If you can print the SparkConf object the IPython kernel extension has started, the problem is with the frontend extension Can you check the browser console for errors? (sparkmonitor at the moment only works with the Jupyter Notebook interface.)

Are you extending the same conf object and starting spark with it? Also please ensure the minimum jupyter version here.

STHITAPRAJNAS commented 5 years ago

I tried all the above options and I meet all the requirements . I still get "[IPKernelApp] ERROR | No such comm target registered: SparkMonitor".

I tried pyspark invoked from PYSPARK_DRIVER_PYTHON_OPTS as well as by just jupyter notebook. I also have tried with and without findspark.

I didnt get any errors during installation. Instructions look simple but hard to make it to work.

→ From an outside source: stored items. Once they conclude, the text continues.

(* Let $p(t)=\sum_{k=0}^\infty a_kt^k$ with $0\le a_k<1$ for all $k$ and $\sum_k a_k=1$; let $p^{[1]}=p$, $p^{[n+1]}=p(p^{[n]})$ (composition of power series), and $q^{(n)}(t)=\frac1n\sum_{i=1}^np^{[i]}(t)=\sum_{i=0}^\infty q_i^{(n)}t^i$. Then $(q_0^{(n)})_{n\in\mathbb N}$ is monotone increasing and $\lim_{n\to\infty}q^{(n)}=0$, where $q^{(n)}=\sup\{q_i^{(n)}:i\ge1\}$.
   Context: "Monotone increasing" is meant non-strictly. *)

theory Defs
  imports "HOL-Analysis.Analysis" "HOL-Computational_Algebra.Formal_Power_Series"
begin

text \<open>Composition p(f) of real power series, where the inner series may have a nonzero
constant term: the coefficient of t^i is the (infinite) sum over k of p_k times the
coefficient of t^i in f^k.  For series with nonnegative coefficients summing to 1
(probability generating functions) these sums converge.\<close>
definition pcomp :: "real fps \<Rightarrow> real fps \<Rightarrow> real fps" where
  "pcomp p f = Abs_fps (\<lambda>i. \<Sum>k. fps_nth p k * fps_nth (f ^ k) i)"

text \<open>Iterates: piter p n = p^[n] for n >= 1, with p^[1] = p and p^[n+1] = p(p^[n]).
The value at n = 0 is the identity series X (never used in the statement).\<close>
fun piter :: "real fps \<Rightarrow> nat \<Rightarrow> real fps" where
  "piter p 0 = fps_X"
| "piter p (Suc 0) = p"
| "piter p (Suc (Suc n)) = pcomp p (piter p (Suc n))"

definition qcoeff :: "real fps \<Rightarrow> nat \<Rightarrow> nat \<Rightarrow> real" where
  "qcoeff p n i = (1 / real n) * (\<Sum>j=1..n. fps_nth (piter p j) i)"

end

theory Submission
  imports Defs "HOL-Real_Asymp.Real_Asymp"
begin

text \<open>Read p as the offspring distribution of a Galton-Watson process: p^[n] is the law of the
  size Z_n of generation n, and q^(n) is the Cesaro mean of these laws.  Conditioning on the size l
  of generation n gives p^[n+1]_i = sum_l p^[n]_l (p^l)_i; this needs p^[n+1] = p^[n](p), i.e.
  associativity of composition, which is checked on generating functions on [0, 1).
  Taking i = 0 shows that the extinction probabilities p^[n]_0 increase, hence so do their means.

  For the second claim it suffices that sup_{i >= 1} p^[n]_i tends to 0.  As (p^0)_i = 0 for i > 0,
  the identity above bounds p^[n+1]_i by the mass of p^[n] on {1, ..., K-1} plus sup_i (p^l)_i
  over l >= K.  Since p charges two points u <> v, splitting p = beta (X^u + X^v) + r shows that
  sup_i (p^l)_i is at most a binomial average of the central binomial probabilities
  C(m, m div 2) / 2^m, which tend to 0.  Finally p^[n]_l tends to 0 for each fixed l >= 1: if
  p_0 > 0, its multiple p^[n]_l p_0^l is bounded by the increments of the convergent extinction
  probabilities; if p_0 = 0, the value p^[n](1/2) decays geometrically.\<close>

section \<open>Series with nonnegative coefficients\<close>

lemma sum_le_sums_nonneg:
  fixes f :: "nat \<Rightarrow> real"
  assumes "f sums s" "finite I" "\<And>n. 0 \<le> f n"
  shows "sum f I \<le> s"
  using sum_le_suminf[of f I] assms by (auto simp: sums_iff)

lemma sums_swap_nonneg:
  fixes w :: "nat \<Rightarrow> nat \<Rightarrow> real"
  assumes nonneg: "\<And>k i. 0 \<le> w k i"
    and rows: "\<And>k. (\<lambda>i. w k i) sums s k" and total: "s sums S"
  shows "(\<lambda>i. \<Sum>k. w k i) sums S" and "summable (\<lambda>k. w k i)"
proof -
  have "0 \<le> s k" for k
    using rows[of k] nonneg by (metis sums_iff suminf_nonneg)
  then have "(s has_sum S) UNIV"
    by (rule sums_nonneg_imp_has_sum[OF total])
  moreover have "((\<lambda>i. w k i) has_sum s k) UNIV" for k
    using rows nonneg by (rule sums_nonneg_imp_has_sum)
  ultimately have joint: "((\<lambda>(k, i). w k i) has_sum S) (UNIV \<times> UNIV)"
    using nonneg by (intro has_sum_SigmaI[where g = s] summable_on_SigmaI[where g = s])
      (auto simp: has_sum_imp_summable)
  have swapped: "((\<lambda>(i, k). w k i) has_sum S) (UNIV \<times> UNIV)"
    using has_sum_swap[THEN iffD1, OF joint] by (simp add: case_prod_unfold)
  have "(\<lambda>k. w k i) summable_on UNIV" for i
    using summable_on_SigmaD1[of "\<lambda>i k. w k i", OF has_sum_imp_summable[OF swapped]] by simp
  then have columns: "summable (\<lambda>k. w k i)" for i
    using summable_on_imp_summable by blast
  then show "summable (\<lambda>k. w k i)" .
  have "((\<lambda>k. w k i) has_sum (\<Sum>k. w k i)) UNIV" for i
    using summable_sums[OF columns] nonneg by (rule sums_nonneg_imp_has_sum)
  then have "((\<lambda>i. \<Sum>k. w k i) has_sum S) UNIV"
    using has_sum_Sigma'[where f = "\<lambda>(i, k). w k i", OF swapped] by simp
  then show "(\<lambda>i. \<Sum>k. w k i) sums S"
    by (rule has_sum_imp_sums)
qed

definition fps_mass :: "real fps \<Rightarrow> real \<Rightarrow> bool" where
  "fps_mass f s \<longleftrightarrow> (\<forall>n. 0 \<le> fps_nth f n) \<and> (\<lambda>n. fps_nth f n) sums s"

lemma fps_mass_nonneg: "fps_mass f s \<Longrightarrow> 0 \<le> fps_nth f n"
  unfolding fps_mass_def by auto

lemma fps_mass_sums: "fps_mass f s \<Longrightarrow> (\<lambda>n. fps_nth f n) sums s"
  unfolding fps_mass_def by auto

lemma fps_mass_summable: "fps_mass f s \<Longrightarrow> summable (\<lambda>n. fps_nth f n)"
  unfolding fps_mass_def by (auto simp: sums_iff)

lemma fps_mass_nth_le: "fps_mass f s \<Longrightarrow> fps_nth f n \<le> s"
  using sum_le_sums_nonneg[of "fps_nth f" s "{n}"] by (auto simp: fps_mass_def)

lemma fps_mass_one: "fps_mass 1 1"
  using sums_single[of 0 "\<lambda>_. 1::real"] by (simp add: fps_mass_def fps_one_nth if_distrib)

lemma fps_mass_mult:
  assumes f: "fps_mass f s" and g: "fps_mass g t"
  shows "fps_mass (f * g) (s * t)"
proof -
  have "summable (\<lambda>n. norm (fps_nth f n))" "summable (\<lambda>n. norm (fps_nth g n))"
    using fps_mass_summable[OF f] fps_mass_summable[OF g]
    by (simp_all add: fps_mass_nonneg[OF f] fps_mass_nonneg[OF g])
  from Cauchy_product_sums[OF this]
  have "(\<lambda>n. fps_nth (f * g) n) sums ((\<Sum>n. fps_nth f n) * (\<Sum>n. fps_nth g n))"
    by (simp add: fps_mult_nth atLeast0AtMost)
  then show ?thesis
    using f g by (auto simp: fps_mass_def fps_mult_nth sums_iff intro!: sum_nonneg)
qed

lemma fps_mass_power: "fps_mass f s \<Longrightarrow> fps_mass (f ^ k) (s ^ k)"
  by (induction k) (auto simp: fps_mass_one fps_mass_mult)

lemma fps_nth_pcomp: "fps_nth (pcomp p g) i = (\<Sum>k. fps_nth p k * fps_nth (g ^ k) i)"
  by (simp add: pcomp_def)

lemma summable_pcomp_nth:
  assumes p: "fps_mass p s" and g: "fps_mass g 1"
  shows "summable (\<lambda>k. fps_nth p k * fps_nth (g ^ k) i)"
proof (rule summable_comparison_test'[OF fps_mass_summable[OF p]])
  show "norm (fps_nth p k * fps_nth (g ^ k) i) \<le> fps_nth p k" for k
    using fps_mass_nonneg[OF p, of k] fps_mass_nonneg[OF fps_mass_power[OF g], of k i]
      fps_mass_nth_le[OF fps_mass_power[OF g], of k i]
    by (simp add: mult_left_le)
qed

lemma fps_mass_pcomp:
  assumes p: "fps_mass p s" and g: "fps_mass g 1"
  shows "fps_mass (pcomp p g) s"
proof -
  have nonneg: "0 \<le> fps_nth p k * fps_nth (g ^ k) i" for k i
    by (intro mult_nonneg_nonneg fps_mass_nonneg[OF p] fps_mass_nonneg[OF fps_mass_power[OF g]])
  have rows: "(\<lambda>i. fps_nth p k * fps_nth (g ^ k) i) sums (fps_nth p k)" for k
    using sums_mult[OF fps_mass_sums[OF fps_mass_power[OF g, of k]]] by simp
  from sums_swap_nonneg(1)[OF nonneg rows fps_mass_sums[OF p]]
  have "(\<lambda>i. fps_nth (pcomp p g) i) sums s"
    by (simp add: fps_nth_pcomp)
  moreover have "0 \<le> fps_nth (pcomp p g) i" for i
    unfolding fps_nth_pcomp using sums_swap_nonneg(2)[OF nonneg rows fps_mass_sums[OF p]] nonneg
    by (rule suminf_nonneg)
  ultimately show ?thesis
    unfolding fps_mass_def by blast
qed

lemma sums_eval_fps_mass:
  assumes f: "fps_mass f s" and x: "0 \<le> x" "x \<le> 1"
  shows "(\<lambda>n. fps_nth f n * x ^ n) sums eval_fps f x"
proof -
  have "norm (fps_nth f n * x ^ n) \<le> fps_nth f n" for n
    using x fps_mass_nonneg[OF f, of n] by (simp add: mult_left_le power_le_one)
  then have "summable (\<lambda>n. fps_nth f n * x ^ n)"
    by (rule summable_comparison_test'[OF fps_mass_summable[OF f]])
  then show ?thesis
    unfolding eval_fps_def by (rule summable_sums)
qed

lemma eval_fps_mass_nonneg:
  assumes f: "fps_mass f s" and x: "0 \<le> x" "x \<le> 1"
  shows "0 \<le> eval_fps f x"
  using sums_le[OF _ sums_zero sums_eval_fps_mass[OF f x]] x by (simp add: fps_mass_nonneg[OF f])

lemma eval_fps_mass_le:
  assumes f: "fps_mass f s" and x: "0 \<le> x" "x \<le> 1"
  shows "eval_fps f x \<le> s"
proof (rule sums_le[OF _ sums_eval_fps_mass[OF f x] fps_mass_sums[OF f]])
  show "fps_nth f n * x ^ n \<le> fps_nth f n" for n
    using x fps_mass_nonneg[OF f, of n] by (simp add: mult_left_le power_le_one)
qed

lemma eval_fps_mass_mult:
  assumes f: "fps_mass f s" and g: "fps_mass g t" and x: "0 \<le> x" "x \<le> 1"
  shows "eval_fps (f * g) x = eval_fps f x * eval_fps g x"
proof -
  have "summable (\<lambda>n. norm (fps_nth f n * x ^ n))" "summable (\<lambda>n. norm (fps_nth g n * x ^ n))"
    using sums_eval_fps_mass[OF f x] sums_eval_fps_mass[OF g x] x
    by (auto simp: sums_iff fps_mass_nonneg[OF f] fps_mass_nonneg[OF g])
  from Cauchy_product[OF this]
  have "eval_fps f x * eval_fps g x =
      (\<Sum>n. \<Sum>i\<le>n. fps_nth f i * x ^ i * (fps_nth g (n - i) * x ^ (n - i)))"
    unfolding eval_fps_def .
  also have "\<dots> = eval_fps (f * g) x"
    unfolding eval_fps_def fps_mult_nth atLeast0AtMost sum_distrib_right
    by (intro suminf_cong sum.cong refl) (simp add: power_add [symmetric])
  finally show ?thesis ..
qed

lemma eval_fps_mass_power:
  assumes f: "fps_mass f s" and x: "0 \<le> x" "x \<le> 1"
  shows "eval_fps (f ^ k) x = eval_fps f x ^ k"
  by (induction k) (simp_all add: eval_fps_mass_mult[OF f fps_mass_power[OF f] x])

lemma eval_fps_pcomp:
  assumes p: "fps_mass p s" and g: "fps_mass g 1" and x: "0 \<le> x" "x \<le> 1"
  shows "eval_fps (pcomp p g) x = eval_fps p (eval_fps g x)"
proof -
  define w where "w k i = fps_nth p k * fps_nth (g ^ k) i * x ^ i" for k i
  have nonneg: "0 \<le> w k i" for k i
    unfolding w_def using x
    by (intro mult_nonneg_nonneg fps_mass_nonneg[OF p] fps_mass_nonneg[OF fps_mass_power[OF g]])
      auto
  have rows: "(\<lambda>i. w k i) sums (fps_nth p k * eval_fps g x ^ k)" for k
    using sums_mult[OF sums_eval_fps_mass[OF fps_mass_power[OF g] x], of "fps_nth p k"]
    by (simp add: w_def eval_fps_mass_power[OF g x] mult.assoc)
  have total: "(\<lambda>k. fps_nth p k * eval_fps g x ^ k) sums eval_fps p (eval_fps g x)"
    using eval_fps_mass_nonneg[OF g x] eval_fps_mass_le[OF g x] by (intro sums_eval_fps_mass[OF p])
  have "(\<lambda>i. \<Sum>k. w k i) = (\<lambda>i. fps_nth (pcomp p g) i * x ^ i)"
    unfolding w_def fps_nth_pcomp
    by (intro ext suminf_mult2[symmetric, OF summable_pcomp_nth[OF p g]])
  with sums_swap_nonneg(1)[OF nonneg rows total]
  have "(\<lambda>i. fps_nth (pcomp p g) i * x ^ i) sums eval_fps p (eval_fps g x)"
    by simp
  then show ?thesis
    unfolding eval_fps_def[of "pcomp p g"] by (simp add: sums_iff)
qed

randomthought commented 5 years ago

@AbdealiJK are you trying to run the extension using jupyterlab? I got the same error when trying to run it using jupyterlab. But I am able to run it on jupyter notebook just fine. The are some plans to support jupyterlab https://github.com/krishnan-r/sparkmonitor/issues/1

AbdealiLoKo commented 5 years ago

I don't remember honestly - it was a long time ago

The logs from my comments above say: JupyterLab beta preview extension loaded

So I'm assuming I was running lab